(* Let $\lambda>0$, let $K\ge1$ be an integer, and let $1+\frac{1}{1+2K}\le\bar E^{max}\le2$. Set $\pi_0^*=\bar E^{max}-1$ and $k^*=\lfloor(\frac{1}{\pi_0^*}-1)/2\rfloor$. Assume $k^*+1\le K$ and $\rho^*_{k^*+1}:=\frac{1}{\pi_0^*}-1-2k^*>0$. Define the rates $$\lambda_k^*=\begin{cases}2\lambda & k=0,\\ \lambda & 1\le k\le k^*,\\ 0 & k^*+1\le k\le K,\end{cases}\qquad \mu_k^*=\begin{cases}\lambda & k\ne k^*+1,\\ \dfrac{2\lambda}{\rho^*_{k^*+1}} & k=k^*+1.\end{cases}$$ Equivalently, define the ENC parameters $$g_k^*=\begin{cases}0 & k\le k^*,\\ 1 & k^*+1\le k\le K,\end{cases}\qquad f_k^*=\begin{cases}\dfrac{2\lambda}{\rho^*_{k^*+1}}-\lambda & k=k^*+1,\\ 0 & k\ne k^*+1.\end{cases}$$ Then these rates are feasible for Problem 1 (in particular $\mu_k^*\ge\lambda$ and $\lambda_K^*=0$), the resulting stationary distribution satisfies $\pi_0=\pi_0^*$, and the average delay $$D=\frac{1}{2\lambda}\sum_k k\pi_k$$ equals the optimal value $$\frac{k^*+1}{2\lambda}\bigl[1-(\bar E^{max}-1)(k^*+1)\bigr].$$ Hence these parameters are optimal for Problem 1.
   Context: ENC parameters are $g_0,\dots,g_K\in[0,1]$ and $f_1,\dots,f_K\ge0$. They determine the rates $$\lambda_0=2\lambda(1-g_0),\qquad \lambda_k=\lambda(1-g_k)\ (1\le k\le K),\qquad \mu_k=\lambda+f_k\ (1\le k\le K).$$ The buffer is the birth–death chain on $\{0,\dots,K\}$ with birth rates $\lambda_k$ and death rates $\mu_k$. Its stationary distribution is $$\pi_k=\pi_0\prod_{m=0}^{k-1}\frac{\lambda_m}{\mu_{m+1}},\qquad \pi_0=\Bigl[1+\sum_{k=1}^{K}\prod_{m=0}^{k-1}\frac{\lambda_m}{\mu_{m+1}}\Bigr]^{-1}.$$ Problem 1 is the following: minimize $D=\frac{1}{2\lambda}\sum_{k=0}^K k\pi_k$ over rates satisfying $0\le\lambda_0\le2\lambda$, $0\le\lambda_k\le\lambda$ for $1\le k\le K-1$, $\lambda_K=0$, and $\mu_k\ge\lambda$, subject to $\pi_0+1\le\bar E^{max}$. *)

theory Defs
  imports Complex_Main
begin
section \<open>Comparison of the two models\<close>

lemma average_le_by_good_part:
  fixes f g :: "'a \<Rightarrow> real"
  assumes "finite S" "S \<noteq> {}" "Good \<subseteq> T" "T \<subseteq> S"
    and f: "\<And>s. s \<in> S \<Longrightarrow> 0 \<le> f s \<and> f s \<le> 1" and g: "\<And>s. s \<in> S \<Longrightarrow> 0 \<le> g s"
    and c: "0 < c" and good: "\<And>s. s \<in> Good \<Longrightarrow> c * f s \<le> g s"
    and few_bad: "real (card (S - Good)) \<le> \<epsilon> * real (card S)" and "\<epsilon> \<le> 1/2"
  shows "(\<Sum>s\<in>T. f s) / real (card T) \<le> 2 / c * ((\<Sum>s\<in>S. g s) / real (card S)) + 2 * \<epsilon>"
proof -
  have fin: "finite T" "finite Good" using assms(1,3,4) by (auto intro: finite_subset)
  have card_S: "0 < real (card S)" using assms(1,2) by (simp add: card_gt_0_iff)
  have "real (card S) = real (card Good) + real (card (S - Good))"
    using assms(1,3,4) fin by (simp add: card_Diff_subset card_mono)
  moreover have "\<epsilon> * real (card S) \<le> 1/2 * real (card S)"
    using \<open>\<epsilon> \<le> 1/2\<close> by (intro mult_right_mono) auto
  ultimately have "real (card S) / 2 \<le> real (card Good)"
    using few_bad by linarith
  also have "\<dots> \<le> real (card T)"
    using card_mono[OF fin(1) assms(3)] by simp
  finally have card_T: "real (card S) / 2 \<le> real (card T)" .
  have "(\<Sum>s\<in>Good. f s) \<le> (\<Sum>s\<in>Good. g s / c)"
    using good c by (intro sum_mono) (simp add: field_simps mult.commute)
  also have "\<dots> \<le> (\<Sum>s\<in>S. g s) / c"
    unfolding sum_divide_distrib[symmetric] using c g assms(1,3,4)
    by (intro divide_right_mono sum_mono2) auto
  finally have sum_Good: "(\<Sum>s\<in>Good. f s) \<le> (\<Sum>s\<in>S. g s) / c" .
  have "(\<Sum>s\<in>T - Good. f s) \<le> real (card (T - Good))"
    using f assms(4) sum_mono[of "T - Good" f "\<lambda>_. 1"] by auto
  also have "\<dots> \<le> real (card (S - Good))"
    using assms(1,4) by (intro of_nat_mono card_mono) auto
  finally have sum_T: "(\<Sum>s\<in>T. f s) \<le> (\<Sum>s\<in>S. g s) / c + \<epsilon> * real (card S)"
    using sum_Good few_bad sum.subset_diff[OF assms(3) fin(1), of f] by linarith
  have "(\<Sum>s\<in>T. f s) / real (card T) \<le> (\<Sum>s\<in>T. f s) / (real (card S) / 2)"
    using card_T card_S f assms(4)
    by (intro divide_left_mono sum_nonneg) auto
  also have "\<dots> \<le> ((\<Sum>s\<in>S. g s) / c + \<epsilon> * real (card S)) / (real (card S) / 2)"
    using sum_T card_S by (intro divide_right_mono) auto
  also have "\<dots> = 2 / c * ((\<Sum>s\<in>S. g s) / real (card S)) + 2 * \<epsilon>"
    using card_S c by (simp add: field_simps)
  finally show ?thesis .
qed
lemma tconj_cancel_right: "has_T B \<Longrightarrow> tconj A B = tconj C B \<Longrightarrow> A = C"
proof (induction A arbitrary: C)
  case (Leaf b)
  show ?case
  proof (cases b)
    case True
    then show ?thesis using Leaf tconj_eq_right_self by fastforce
  next
    case False
    then show ?thesis using Leaf.prems by (cases C) (auto simp: tconj_def split: if_splits)
  qed
next
  case (Node a A1 A2)
  show ?case
  proof (cases C)
    case (Leaf c)
    then show ?thesis using Node.prems tconj_eq_right_self[of B "Node a A1 A2"] by (cases c) auto
  next
    case (Node c C1 C2)
    then show ?thesis using Node.prems Node.IH by auto
  qed
qed

lemma tconj_eq_tdisj_size_less:
  assumes eq: "tconj A B = tdisj C D" and A: "mixed A" and C: "\<not> has_T C"
    and B: "mixed B" and D: "mixed D"
  shows "size B < size D"
proof -
  have eq': "tconj A B = tconj (tneg C) D" using eq tdisj_no_T[OF C] by simp
  have "has_T (tneg C)" using C has_T_or_has_F[of C] by simp
  with tconj_eq_tconj_factor[OF _ _ _ _ eq'] A B D
  consider (left) E where "B = tconj E D" | (right) E where "D = tconj E B"
    by (auto simp: mixed_def)
  then show ?thesis
  proof cases
    case left
    then have "tconj (tconj A E) D = tconj (tneg C) D" using eq' by (simp add: tconj_assoc)
    then have "tconj A E = tneg C" using tconj_cancel_right D by (auto simp: mixed_def)
    then show ?thesis using A C unfolding mixed_def by (metis has_F_tconj has_F_tneg)
  next
    case right
    show ?thesis
    proof (cases "E = Leaf True")
      case True
      then have "A = tneg C" using eq' right tconj_cancel_right B by (auto simp: mixed_def)
      then show ?thesis using A C by (simp add: mixed_def)
    next
      case False
      have "has_T E" using right D by (auto simp: mixed_def)
      then show ?thesis using size_tconj_gt[OF _ False] right by auto
    qed
  qed
qed

lemma tconj_eq_tdisj_size_greater:
  assumes "tconj A B = tdisj C D" and "\<not> has_F A" and "mixed C" "mixed B" "mixed D"
  shows "size D < size B"
proof -
  have "tconj (tneg C) (tneg D) = tdisj (tneg A) (tneg B)"
    by (metis assms(1) tneg_tdisj tneg_tconj)
  then have "size (tneg D) < size (tneg B)"
    by (rule tconj_eq_tdisj_size_less) (use assms in \<open>auto simp: mixed_def\<close>)
  then show ?thesis by simp
qed

text \<open>An \<open>F\<close>-leaf of \<open>A\<close> and a \<open>T\<close>-leaf of \<open>C\<close> lead, via the two lemmas above, to opposite
  strict inequalities between the sizes of \<open>B\<close> and \<open>D\<close>.\<close>

lemma tconj_neq_tdisj_mixed:
  "mixed A \<Longrightarrow> mixed B \<Longrightarrow> mixed C \<Longrightarrow> mixed D \<Longrightarrow> tconj A B \<noteq> tdisj C D"
proof (induction A arbitrary: C)
  case (Leaf b)
  then show ?case by (cases b) (auto simp: mixed_def)
next
  case (Node a A1 A2)
  show ?case
  proof (cases C)
    case (Leaf c)
    then show ?thesis using Node.prems by (cases c) (auto simp: mixed_def)
  next
    case (Node c C1 C2)
    show ?thesis
    proof
      assume "tconj (Node a A1 A2) B = tdisj C D"
      with Node have e1: "tconj A1 B = tdisj C1 D" and e2: "tconj A2 B = tdisj C2 D" by auto
      have tA: "has_T A1" "has_T A2"
        using e1 e2 Node.prems has_T_or_has_F[of C1] has_T_or_has_F[of C2]
        by (metis has_T_tdisj tconj_no_T mixed_def)+
      have fC: "has_F C1" "has_F C2"
        using e1 e2 Node.prems tA has_T_or_has_F[of A1] has_T_or_has_F[of A2]
        by (metis has_F_tconj tdisj_no_F mixed_def)+
      have sizes: "(has_F A' \<longrightarrow> size B < size D) \<and> (has_T C' \<longrightarrow> size D < size B)"
        if e: "tconj A' B = tdisj C' D" and "has_T A'" "has_F C'"
          and IH: "mixed A' \<Longrightarrow> mixed C' \<Longrightarrow> False" for A' C'
        using that tconj_eq_tdisj_size_less[OF e] tconj_eq_tdisj_size_greater[OF e] Node.prems
        by (auto simp: mixed_def)
      have "has_F A1 \<or> has_F A2" "has_T C1 \<or> has_T C2"
        using Node.prems \<open>C = Node c C1 C2\<close> by (auto simp: mixed_def)
      then show False
        using sizes[OF e1 tA(1) fC(1)] sizes[OF e2 tA(2) fC(2)]
          Node.IH(1)[OF _ Node.prems(2) _ Node.prems(4)]
          Node.IH(2)[OF _ Node.prems(2) _ Node.prems(4)] e1 e2
        by fastforce
    qed
  qed
qed

definition conj_tree :: "'a dtree \<Rightarrow> bool" where
  "conj_tree X \<longleftrightarrow> (\<exists>A B. mixed A \<and> mixed B \<and> X = tconj A B)"

definition disj_tree :: "'a dtree \<Rightarrow> bool" where
  "disj_tree X \<longleftrightarrow> (\<exists>A B. mixed A \<and> mixed B \<and> X = tdisj A B)"

definition T_prefix_free :: "'a dtree \<Rightarrow> bool" where
  "T_prefix_free X \<longleftrightarrow> \<not> (\<exists>P Z. \<not> has_F P \<and> P \<noteq> Leaf True \<and> X = tconj P Z)"

definition literal_tree :: "'a dtree \<Rightarrow> bool" where
  "literal_tree X \<longleftrightarrow> (\<exists>a R Q. \<not> has_F R \<and> \<not> has_T Q \<and> (X = Node a R Q \<or> X = Node a Q R))"

lemma literal_tree_mixed: "literal_tree X \<Longrightarrow> mixed X"
  unfolding literal_tree_def mixed_def using has_T_or_has_F by fastforce

lemma literal_tree_not_conj_tree: "literal_tree X \<Longrightarrow> \<not> conj_tree X"
proof
  assume "literal_tree X" "conj_tree X"
  then obtain a R Q A B where RQ: "\<not> has_F R" "\<not> has_T Q" "X = Node a R Q \<or> X = Node a Q R"
    and AB: "mixed A" "mixed B" "X = tconj A B"
    unfolding literal_tree_def conj_tree_def by blast
  obtain b A1 A2 where A: "A = Node b A1 A2" using AB by (cases A) (auto simp: mixed_def)
  have "has_T A1 \<or> has_T A2" using AB A by (auto simp: mixed_def)
  then show False using RQ AB A by (auto simp: mixed_def)
qed

lemma literal_tree_not_disj_tree: "literal_tree X \<Longrightarrow> \<not> disj_tree X"
proof
  assume "literal_tree X" "disj_tree X"
  then obtain a R Q A B where RQ: "\<not> has_F R" "\<not> has_T Q" "X = Node a R Q \<or> X = Node a Q R"
    and AB: "mixed A" "mixed B" "X = tdisj A B"
    unfolding literal_tree_def disj_tree_def by blast
  obtain b A1 A2 where A: "A = Node b A1 A2" using AB by (cases A) (auto simp: mixed_def)
  have "has_F A1 \<or> has_F A2" using AB A by (auto simp: mixed_def)
  then show False using RQ AB A by (auto simp: mixed_def)
qed

lemma literal_tree_T_prefix_free: "literal_tree X \<Longrightarrow> T_prefix_free X"
proof (unfold T_prefix_free_def, rule notI)
  assume "literal_tree X" "\<exists>P Z. \<not> has_F P \<and> P \<noteq> Leaf True \<and> X = tconj P Z"
  then obtain a R Q P Z where RQ: "\<not> has_F R" "\<not> has_T Q" "X = Node a R Q \<or> X = Node a Q R"
    and P: "\<not> has_F P" "P \<noteq> Leaf True" "X = tconj P Z"
    unfolding literal_tree_def by blast
  obtain b P1 P2 where P': "P = Node b P1 P2" using P by (cases P) auto
  have "has_T P1" "has_T P2" using P P' has_T_or_has_F[of P1] has_T_or_has_F[of P2] by auto
  then show False using RQ P P' has_T_or_has_F[of Z] by auto
qed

==========

- _Problem to work on_: Using only the listing above, restate exactly the lines from the line containing "s) \<le> (\<Sum>s\<in>Good." through the line containing "using sum_T card_S", both included.

- _Output below_:
  have "(\<Sum>s\<in>Good. f s) \<le> (\<Sum>s\<in>Good. g s / c)"
    using good c by (intro sum_mono) (simp add: field_simps mult.commute)
  also have "\<dots> \<le> (\<Sum>s\<in>S. g s) / c"
    unfolding sum_divide_distrib[symmetric] using c g assms(1,3,4)
    by (intro divide_right_mono sum_mono2) auto
  finally have sum_Good: "(\<Sum>s\<in>Good. f s) \<le> (\<Sum>s\<in>S. g s) / c" .
  have "(\<Sum>s\<in>T - Good. f s) \<le> real (card (T - Good))"
    using f assms(4) sum_mono[of "T - Good" f "\<lambda>_. 1"] by auto
  also have "\<dots> \<le> real (card (S - Good))"
    using assms(1,4) by (intro of_nat_mono card_mono) auto
  finally have sum_T: "(\<Sum>s\<in>T. f s) \<le> (\<Sum>s\<in>S. g s) / c + \<epsilon> * real (card S)"
    using sum_Good few_bad sum.subset_diff[OF assms(3) fin(1), of f] by linarith
  have "(\<Sum>s\<in>T. f s) / real (card T) \<le> (\<Sum>s\<in>T. f s) / (real (card S) / 2)"
    using card_T card_S f assms(4)
    by (intro divide_left_mono sum_nonneg) auto
  also have "\<dots> \<le> ((\<Sum>s\<in>S. g s) / c + \<epsilon> * real (card S)) / (real (card S) / 2)"
    using sum_T card_S by (intro divide_right_mono) auto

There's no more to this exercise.